Lipopolysaccharide (LPS) is a bacterial endotoxin known to trigger pyroptosis in immune cells, particularly in monocytes and macrophages. In HT29 colon cancer cells, LPS exposure induces cleavage/activation of GSDM-D, leading to the secretion of IL-1β and IL-18 and, ultimately, pyroptotic cell death. Furthermore, LPS has been shown to increase the chemosensitivity of HT29 cells to oxaliplatin, and this combined treatment enhances GSDM-D-mediated pyroptosis. These findings suggest that combination of LPS with chemotherapy drugs may provide a strategy to promote pyroptosis and improve therapeutic outcomes in colon cancer [92].
For therapeutic purposes focused on the induction of pyroptosis, researchers have utilized bacterial outer membrane vesicles (OMVs) as natural carriers to deliver LPS into cancer cells. OMV-LPS has been shown to effectively induce GSDM-D-mediated pyroptosis in cancer cells, leading to a significant inhibition of tumor growth in vivo [93]. Additionally, OMV-LPS treatment promoted greater CD8+ T-cell infiltration into the tumor microenvironment, enhancing anti-tumor immunity. This approach represents a promising strategy for treating solid tumors by inducing cancer cell death and stimulating immune responses [93].
Other pathogen or pathogen-derived components that induce pyroptosis in cancer cells are summarized in Table 4.

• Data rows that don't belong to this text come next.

theorem theorem4p6:
  fixes \<epsilon> :: real
  assumes "0 < \<epsilon>" and "\<epsilon> < 1"
  shows "\<exists>(I :: nat \<Rightarrow> nat set) (F :: nat set set).
           finite_partition I \<and> family_on F UNIV \<and> pre_compact F UNIV \<and>
           (\<forall>M. infinite M \<longrightarrow> \<not> n_large 4 F M) \<and>
           G_lambda I (1 - \<epsilon>) F = schreier \<and> G_plus I F = schreier \<and>
           (\<forall>s\<in>F. s \<inter> I (LEAST m. s \<inter> I m \<noteq> {}) = I (LEAST m. s \<inter> I m \<noteq> {}))"
proof -
  define N where "N = nat \<lceil>1 / \<epsilon>\<rceil>"
  have "1 / \<epsilon> \<le> real N" unfolding N_def by (rule real_nat_ceiling_ge)
  then have eN: "1 \<le> \<epsilon> * real N" using assms(1) by (simp add: field_simps)
  then have "0 < N" by (cases "N = 0") auto
  let ?I = "pieces N" and ?F = "spread N ` schreier"
  have partition: "finite_partition ?I" using \<open>0 < N\<close> by (rule finite_partition_pieces)
  have family: "family_on ?F UNIV"
    using finite_spread[OF _ \<open>0 < N\<close>] by (auto simp: family_on_def schreier_def)
  have G_lambda: "G_lambda ?I (1 - \<epsilon>) ?F = schreier"
    using sub_lambda_spread[OF _ eN assms(2)] by (simp add: G_lambda_def image_image)
  have G_plus: "G_plus ?I ?F = schreier"
    using sub_plus_spread[OF _ eN assms(2)] by (simp add: G_plus_def image_image)
  have "pre_compact ?F UNIV"
    using partition by (rule pre_compact_if_G_plus_subset_schreier) (simp add: G_plus)
  moreover have "\<forall>s\<in>?F. s \<inter> ?I (LEAST m. s \<inter> ?I m \<noteq> {}) = ?I (LEAST m. s \<inter> ?I m \<noteq> {})"
    using spread_inter_first_piece[OF _ \<open>0 < N\<close>] by blast
  ultimately show ?thesis
    using partition family G_lambda G_plus spread_not_4_large[OF \<open>0 < N\<close>]
    by (intro exI[of _ ?I] exI[of _ ?F]) simp
qed

end
(* Let $V$ be a vector configuration and $W\subseteq V$ a subconfiguration such that $\operatorname{lin}(W)\cap V=W$ (i.e. the elements of $V$ lying in $\operatorname{lin}(W)$ are exactly those of $W$). Then $\mathrm{DD}(V)\ge\mathrm{DD}(W)+\mathrm{DD}(V/W)$.
   Context: A vector configuration is a finite family (repetitions allowed) $V$ of vectors in $\mathbb{R}^r$; a subconfiguration is a subfamily, and cardinalities count multiplicities. The quotient $V/W$ is the vector configuration in $\mathbb{R}^r/\operatorname{lin}(W)$ formed by the images of the elements of $V\setminus W$ under the canonical projection. Covector discrepancy: for a configuration $U$ in a real vector space $E$, $\mathrm{DD}(U)=\max_f\big|\,|\{u\in U: f(u)>0\}|-|\{u\in U:f(u)<0\}|\,\big|$ over all linear functionals $f$ on $E$. *)

theory Defs
  imports "HOL-Analysis.Analysis"
begin

text \<open>A vector configuration is a finite family (repetitions allowed), represented
  as a finite index set I together with a map v from indices to vectors.
  A subconfiguration is given by a subset J of the index set.\<close>

definition disc :: "('i \<Rightarrow> 'a) \<Rightarrow> 'i set \<Rightarrow> ('a \<Rightarrow> real) \<Rightarrow> nat" where
  "disc v I f = nat \<bar>int (card {i \<in> I. f (v i) > 0}) - int (card {i \<in> I. f (v i) < 0})\<bar>"

definition DD :: "('i \<Rightarrow> 'a::real_vector) \<Rightarrow> 'i set \<Rightarrow> nat" where
  "DD v I = Max {disc v I f | f. linear f}"

text \<open>The quotient lives in 'a / lin(W); linear functionals on
  that quotient correspond exactly to linear functionals on 'a vanishing on lin(W),
  and the quotient configuration consists of the images of v i for i in I - J.\<close>
definition DD_quot :: "('i \<Rightarrow> 'a::real_vector) \<Rightarrow> 'i set \<Rightarrow> 'i set \<Rightarrow> nat" where
  "DD_quot v I J = Max {disc v (I - J) f | f. linear f \<and> (\<forall>x \<in> span (v ` J). f x = 0)}"

end

theory Submission
  imports Defs
begin

text \<open>Choose a functional f attaining DD(W) and a functional g on the quotient attaining DD(V/W).
  First perturb g by a small multiple of a functional that vanishes on lin(W) but on no element
  of V \ W (it exists because lin(W) \<inter> V = W); with the right sign this does not decrease the
  count on V \ W, and afterwards g is nonzero exactly on V \ W. Then g + s f for small s > 0
  has the signs of g on V \ W and the signs of f on W, so its signed count on V is
  DD(V/W) + DD(W).\<close>

definition signed_count :: "('i \<Rightarrow> 'a) \<Rightarrow> 'i set \<Rightarrow> ('a \<Rightarrow> real) \<Rightarrow> int" where
  "signed_count v I f = int (card {i \<in> I. f (v i) > 0}) - int (card {i \<in> I. f (v i) < 0})"

lemma disc_eq_abs_signed_count: "int (disc v I f) = \<bar>signed_count v I f\<bar>"
  by (simp add: disc_def signed_count_def)

lemma card_filter_partition:
  assumes "finite X"
  shows "card {i \<in> X. Q i} = card {i \<in> {i \<in> X. P i}. Q i} + card {i \<in> {i \<in> X. \<not> P i}. Q i}"
proof -
  have "{i \<in> X. Q i} = {i \<in> {i \<in> X. P i}. Q i} \<union> {i \<in> {i \<in> X. \<not> P i}. Q i}" by auto
  then show ?thesis
    using assms by (simp add: card_Un_disjoint disjoint_iff)
qed

lemma signed_count_partition:
  assumes "finite X"
  shows "signed_count v X f = signed_count v {i \<in> X. P i} f + signed_count v {i \<in> X. \<not> P i} f"
  unfolding signed_count_def
    card_filter_partition[OF assms, of "\<lambda>i. f (v i) > 0" P]
    card_filter_partition[OF assms, of "\<lambda>i. f (v i) < 0" P]
  by simp

lemma signed_count_cong_sgn:
  assumes "\<And>i. i \<in> X \<Longrightarrow> sgn (f (v i)) = sgn (g (v i))"
  shows "signed_count v X f = signed_count v X g"
proof -
  have "{i \<in> X. f (v i) > 0} = {i \<in> X. g (v i) > 0}" "{i \<in> X. f (v i) < 0} = {i \<in> X. g (v i) < 0}"
    using assms by (metis sgn_greater sgn_less)+
  then show ?thesis by (simp add: signed_count_def)
qed

lemma signed_count_vanishing:
  assumes "\<And>i. i \<in> X \<Longrightarrow> f (v i) = 0"
  shows "signed_count v X f = 0"
  using signed_count_cong_sgn[of X f v "\<lambda>_. 0"] assms by (simp add: signed_count_def)

lemma signed_count_restrict_nonzero:
  assumes "finite X"
  shows "signed_count v X g = signed_count v {i \<in> X. g (v i) \<noteq> 0} g"
  using signed_count_partition[OF assms, of v g "\<lambda>i. g (v i) \<noteq> 0"]
    signed_count_vanishing[of "{i \<in> X. \<not> g (v i) \<noteq> 0}" g v] by simp

lemma signed_count_uminus: "signed_count v X (\<lambda>x. - f x) = - signed_count v X f"
  by (simp add: signed_count_def)

lemma linear_sign_choice:
  fixes f :: "'a::real_vector \<Rightarrow> real"
  assumes "linear f"
  obtains f' where "linear f'" "signed_count v X f' = \<bar>signed_count v X f\<bar>"
    "\<And>x. f' x = 0 \<longleftrightarrow> f x = 0"
proof (cases "signed_count v X f \<ge> 0")
  case True
  then show ?thesis using assms that[of f] by simp
next
  case False
  then show ?thesis
    using that[of "\<lambda>x. - f x"] linear_compose_neg[OF assms] by (simp add: signed_count_uminus)
qed

lemma small_perturbation_sgn:
  fixes g k :: "'a \<Rightarrow> real"
  assumes "finite X"
  obtains t :: real where "t > 0"
    "\<And>i. i \<in> X \<Longrightarrow> sgn (g (v i) + t * k (v i)) = (if g (v i) = 0 then sgn (k (v i)) else sgn (g (v i)))"
proof -
  define T where "T = insert 1 ((\<lambda>i. \<bar>g (v i)\<bar> / (\<bar>k (v i)\<bar> + 1)) ` {i \<in> X. g (v i) \<noteq> 0})"
  have "finite T" "\<forall>x\<in>T. x > 0"
    using assms by (auto simp: T_def)
  then have "Min T > 0"
    by (simp add: T_def)
  moreover have "sgn (g (v i) + Min T * k (v i)) = sgn (g (v i))" if "i \<in> X" "g (v i) \<noteq> 0" for i
  proof -
    have "Min T \<le> \<bar>g (v i)\<bar> / (\<bar>k (v i)\<bar> + 1)"
      using \<open>finite T\<close> that by (auto simp: T_def)
    then have "Min T * (\<bar>k (v i)\<bar> + 1) \<le> \<bar>g (v i)\<bar>"
      by (simp add: pos_le_divide_eq add_pos_nonneg)
    then have "\<bar>Min T * k (v i)\<bar> < \<bar>g (v i)\<bar>"
      using \<open>Min T > 0\<close> by (simp add: abs_mult algebra_simps)
    then show ?thesis
      by (auto simp: sgn_if abs_if split: if_splits)
  qed
  ultimately show ?thesis
    using that[of "Min T"] by (simp add: sgn_mult)
qed

lemma small_perturbation_signed_count:
  fixes g k :: "'a \<Rightarrow> real"
  assumes "finite X"
  obtains t :: real where "t > 0"
    "\<And>i. i \<in> X \<Longrightarrow> sgn (g (v i) + t * k (v i)) = (if g (v i) = 0 then sgn (k (v i)) else sgn (g (v i)))"
    "signed_count v X (\<lambda>x. g x + t * k x) = signed_count v X g + signed_count v {i \<in> X. g (v i) = 0} k"
proof -
  obtain t :: real where t: "t > 0"
    "\<And>i. i \<in> X \<Longrightarrow> sgn (g (v i) + t * k (v i)) = (if g (v i) = 0 then sgn (k (v i)) else sgn (g (v i)))"
    using small_perturbation_sgn[OF assms] by metis
  let ?h = "\<lambda>x. g x + t * k x"
  have "signed_count v X ?h = signed_count v {i \<in> X. g (v i) = 0} ?h + signed_count v {i \<in> X. g (v i) \<noteq> 0} ?h"
    using signed_count_partition[OF assms, of v ?h "\<lambda>i. g (v i) = 0"] by simp
  also have "\<dots> = signed_count v {i \<in> X. g (v i) = 0} k + signed_count v {i \<in> X. g (v i) \<noteq> 0} g"
    using t by (intro arg_cong2[where f = "(+)"] signed_count_cong_sgn) (auto simp: sgn_mult)
  also have "signed_count v {i \<in> X. g (v i) \<noteq> 0} g = signed_count v X g"
    by (rule signed_count_restrict_nonzero[OF assms, symmetric])
  finally show ?thesis
    using that t by simp
qed

lemma linear_functional_avoiding:
  fixes S :: "'a::euclidean_space set"
  assumes "finite U" "U \<inter> span S = {}"
  obtains k :: "'a \<Rightarrow> real" where "linear k" "\<And>x. x \<in> span S \<Longrightarrow> k x = 0" "\<And>u. u \<in> U \<Longrightarrow> k u \<noteq> 0"
  using assms
proof (induction U arbitrary: thesis rule: finite_induct)
  case empty
  show ?case using empty(1)[of "\<lambda>_. 0"] by (simp add: linear_iff)
next
  case (insert u U)
  obtain k :: "'a \<Rightarrow> real" where k: "linear k" "\<And>x. x \<in> span S \<Longrightarrow> k x = 0" "\<And>w. w \<in> U \<Longrightarrow> k w \<noteq> 0"
    using insert.IH insert.prems(2) by blast
  obtain y z where yz: "y \<in> span S" "\<And>w. w \<in> span S \<Longrightarrow> orthogonal z w" "u = y + z"
    using orthogonal_subspace_decomp_exists by blast
  have "z \<bullet> u = z \<bullet> z"
    using yz by (simp add: inner_add_right orthogonal_def)
  moreover have "z \<noteq> 0"
    using yz insert.prems(2) by auto
  ultimately have "z \<bullet> u \<noteq> 0"
    by simp
  obtain t :: real where t: "\<And>w. w \<in> insert u U \<Longrightarrow>
      sgn (k w + t * (z \<bullet> w)) = (if k w = 0 then sgn (z \<bullet> w) else sgn (k w))"
    using small_perturbation_sgn[of "insert u U" k id "inner z"] insert.hyps(1) by (metis finite_insert id_apply)
  show ?case
  proof (rule insert.prems(1)[of "\<lambda>x. k x + t * (z \<bullet> x)"])
    show "linear (\<lambda>x. k x + t * (z \<bullet> x))"
      using k(1) by (simp add: linear_iff inner_add_right algebra_simps)
    show "k x + t * (z \<bullet> x) = 0" if "x \<in> span S" for x
      using k(2) yz(2) that by (simp add: orthogonal_def)
    show "k w + t * (z \<bullet> w) \<noteq> 0" if "w \<in> insert u U" for w
      using t[OF that] that k(3) \<open>z \<bullet> u \<noteq> 0\<close> by (auto simp: sgn_0_0 split: if_splits)
  qed
qed

lemma finite_disc_values:
  assumes "finite I"
  shows "finite {disc v I f | f. P f}"
proof (rule finite_subset[of _ "{..card I}"])
  have "disc v I f \<le> card I" for f
  proof -
    have "card {i \<in> I. f (v i) > 0} \<le> card I" "card {i \<in> I. f (v i) < 0} \<le> card I"
      using assms by (auto intro!: card_mono)
    then show ?thesis
      unfolding disc_def nat_le_iff abs_le_iff by linarith
  qed
  then show "{disc v I f | f. P f} \<subseteq> {..card I}"
    by auto
qed simp

lemma disc_le_Max:
  assumes "finite I" "P f"
  shows "disc v I f \<le> Max {disc v I f | f. P f}"
  using assms finite_disc_values[OF assms(1)] by (auto intro!: Max_ge)

lemma Max_disc_attained:
  assumes "finite I" "P (\<lambda>_. 0)"
  obtains f where "P f" "disc v I f = Max {disc v I f | f. P f}"
proof -
  have "Max {disc v I f | f. P f} \<in> {disc v I f | f. P f}"
    using assms by (intro Max_in finite_disc_values) auto
  then show ?thesis
    unfolding mem_Collect_eq by (elim exE conjE) (rule that, simp_all)
qed

lemma DD_attained:
  fixes v :: "'i \<Rightarrow> 'a::real_vector"
  assumes "finite I"
  obtains f :: "'a \<Rightarrow> real" where "linear f" "signed_count v I f = DD v I"
proof -
  obtain f0 :: "'a \<Rightarrow> real" where "linear f0" "disc v I f0 = DD v I"
    using Max_disc_attained[OF assms, of linear] linear_zero unfolding DD_def by blast
  with linear_sign_choice[OF \<open>linear f0\<close>, of v I] that show ?thesis
    by (metis disc_eq_abs_signed_count)
qed

lemma DD_quot_attained:
  fixes v :: "'i \<Rightarrow> 'a::real_vector"
  assumes "finite I"
  obtains g :: "'a \<Rightarrow> real" where "linear g" "\<And>x. x \<in> span (v ` J) \<Longrightarrow> g x = 0"
    "signed_count v (I - J) g = DD_quot v I J"
proof -
  obtain g0 :: "'a \<Rightarrow> real" where "linear g0 \<and> (\<forall>x \<in> span (v ` J). g0 x = 0)"
    "disc v (I - J) g0 = DD_quot v I J"
    using Max_disc_attained[of "I - J" "\<lambda>g. linear g \<and> (\<forall>x \<in> span (v ` J). g x = 0)" v]
      assms linear_zero unfolding DD_quot_def by blast
  with linear_sign_choice[of g0 v "I - J"] that show ?thesis
    by (metis disc_eq_abs_signed_count)
qed

lemma DD_quot_attained_nonvanishing:
  fixes v :: "'i \<Rightarrow> 'a::euclidean_space"
  assumes "finite I" and closed: "\<forall>i \<in> I. v i \<in> span (v ` J) \<longrightarrow> i \<in> J"
  obtains g :: "'a \<Rightarrow> real" where "linear g" "\<And>x. x \<in> span (v ` J) \<Longrightarrow> g x = 0"
    "\<And>i. i \<in> I - J \<Longrightarrow> g (v i) \<noteq> 0" "signed_count v (I - J) g \<ge> DD_quot v I J"
proof -
  obtain g0 :: "'a \<Rightarrow> real" where g0: "linear g0" "\<And>x. x \<in> span (v ` J) \<Longrightarrow> g0 x = 0"
    "signed_count v (I - J) g0 = DD_quot v I J"
    using DD_quot_attained[OF assms(1), where v = v and J = J] by blast
  have "finite (v ` (I - J))" "v ` (I - J) \<inter> span (v ` J) = {}"
    using assms by auto
  then obtain k0 :: "'a \<Rightarrow> real" where k0: "linear k0" "\<And>x. x \<in> span (v ` J) \<Longrightarrow> k0 x = 0"
    "\<And>u. u \<in> v ` (I - J) \<Longrightarrow> k0 u \<noteq> 0"
    using linear_functional_avoiding by blast
  define Z where "Z = {i \<in> I - J. g0 (v i) = 0}"
  \<comment> \<open>the sign of k is chosen so that it does not lower the count on the zeros of g0\<close>
  obtain k :: "'a \<Rightarrow> real" where k: "linear k" "signed_count v Z k = \<bar>signed_count v Z k0\<bar>"
    "\<And>x. k x = 0 \<longleftrightarrow> k0 x = 0"
    using linear_sign_choice[OF k0(1), where v = v and X = Z] by blast
  obtain t :: real where t: "t > 0"
    "\<And>i. i \<in> I - J \<Longrightarrow> sgn (g0 (v i) + t * k (v i)) = (if g0 (v i) = 0 then sgn (k (v i)) else sgn (g0 (v i)))"
    "signed_count v (I - J) (\<lambda>x. g0 x + t * k x) = signed_count v (I - J) g0 + signed_count v Z k"
    using small_perturbation_signed_count[OF finite_Diff[OF assms(1)], where v = v and g = g0 and k = k]
    unfolding Z_def by blast
  show ?thesis
  proof (rule that[of "\<lambda>x. g0 x + t * k x"])
    show "linear (\<lambda>x. g0 x + t * k x)"
      using g0(1) k(1) by (simp add: linear_iff algebra_simps)
    show "g0 x + t * k x = 0" if "x \<in> span (v ` J)" for x
      using g0(2) k0(2) k(3) that by simp
    show "g0 (v i) + t * k (v i) \<noteq> 0" if "i \<in> I - J" for i
      using t(2)[OF that] k0(3)[of "v i"] k(3)[of "v i"] that by (metis image_eqI sgn_eq_0_iff)
    show "signed_count v (I - J) (\<lambda>x. g0 x + t * k x) \<ge> DD_quot v I J"
      using t(3) g0(3) k(2) by simp
  qed
qed

lemma DD_ge_DD_add_DD_quot:
  fixes v :: "'i \<Rightarrow> 'a::euclidean_space"
  assumes "finite I" "J \<subseteq> I" "\<forall>i \<in> I. v i \<in> span (v ` J) \<longrightarrow> i \<in> J"
  shows "DD v J + DD_quot v I J \<le> DD v I"
proof -
  obtain f :: "'a \<Rightarrow> real" where f: "linear f" "signed_count v J f = DD v J"
    using DD_attained[OF finite_subset[OF assms(2,1)], where v = v] by blast
  obtain g :: "'a \<Rightarrow> real" where g: "linear g" "\<And>x. x \<in> span (v ` J) \<Longrightarrow> g x = 0"
    "\<And>i. i \<in> I - J \<Longrightarrow> g (v i) \<noteq> 0" "signed_count v (I - J) g \<ge> DD_quot v I J"
    using DD_quot_attained_nonvanishing[OF assms(1,3)] by blast
  have zeros_of_g: "{i \<in> I. g (v i) = 0} = J" and nonzeros_of_g: "{i \<in> I. g (v i) \<noteq> 0} = I - J"
    using assms(2) g(2,3) span_base by blast+
  obtain s :: real where s:
    "signed_count v I (\<lambda>x. g x + s * f x) = signed_count v I g + signed_count v J f"
    using small_perturbation_signed_count[OF assms(1), where v = v and g = g and k = f]
    unfolding zeros_of_g by blast
  have "linear (\<lambda>x. g x + s * f x)"
    using g(1) f(1) by (simp add: linear_iff algebra_simps)
  then have "disc v I (\<lambda>x. g x + s * f x) \<le> DD v I"
    unfolding DD_def by (rule disc_le_Max[OF assms(1), where P = linear])
  moreover have "signed_count v I g = signed_count v (I - J) g"
    using signed_count_restrict_nonzero[OF assms(1), of v g] unfolding nonzeros_of_g .
  ultimately show ?thesis
    using s f(2) g(4) disc_eq_abs_signed_count[of v I "\<lambda>x. g x + s * f x"] by linarith
qed

theorem mainTheorem11:
  fixes v :: "'i \<Rightarrow> real ^ 'n" and I J :: "'i set"
  assumes "finite I"
    and "J \<subseteq> I"
    and "\<forall>i \<in> I. v i \<in> span (v ` J) \<longrightarrow> i \<in> J"
  shows "DD v I \<ge> DD v J + DD_quot v I J"
  using DD_ge_DD_add_DD_quot[OF assms] .

end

3.6. Endogenous Metabolites That Induce Pyroptosis

Metabolites play pivotal roles in cancer development, influencing cellular processes like proliferation, survival, and immune evasion within the tumor microenvironment. Recently, several endogenous metabolites—including omega-3 docosahexaenoic acid, citric acid, α, β-unsaturated ketone, and α-ketoglutarate (α-KG)—were identified as inducers of pyroptosis (Table 5). These metabolites can engage inflammasome pathways or enhance ROS production, thereby activating pyroptotic signaling in cancer cells.
As an example, α-KG is a key metabolite in the tricarboxylic acid (TCA) cycle and is involved in lipid biosynthesis, oxidative stress response, protein modification, autophagy, and cell death. α-KG induces pyroptosis in cancer cells via caspase-8-mediated cleavage of GSDM-C, showing promise for limiting tumor growth and metastasis. Treatment with DM-α-KG, a cell-permeable α-KG derivative, elevates ROS levels, which oxidizes and triggers endocytosis of the plasma membrane receptor DR6. This process recruits pro-caspase-8 and GSDM-C into a “receptosome”, where active caspase-8 cleaves GSDM-C, initiating pyroptosis [103]. This mechanism relies on an acidic environment, where α-KG is converted to L-2-hydroxyglutarate (L-2HG) by malate dehydrogenase 1 (MDH1), boosting ROS production. The presence of lactic acid further intensifies this effect, sensitizing even pyroptosis-resistant cancer cells to α-KG-induced pyroptosis [103]. Together, these insights reveal the dual role of metabolites as drivers of tumor progression and as therapeutic agents. Further exploration into metabolite-driven pyroptosis could inspire innovative treatments that reshape the tumor immune microenvironment for more effective cancer therapy.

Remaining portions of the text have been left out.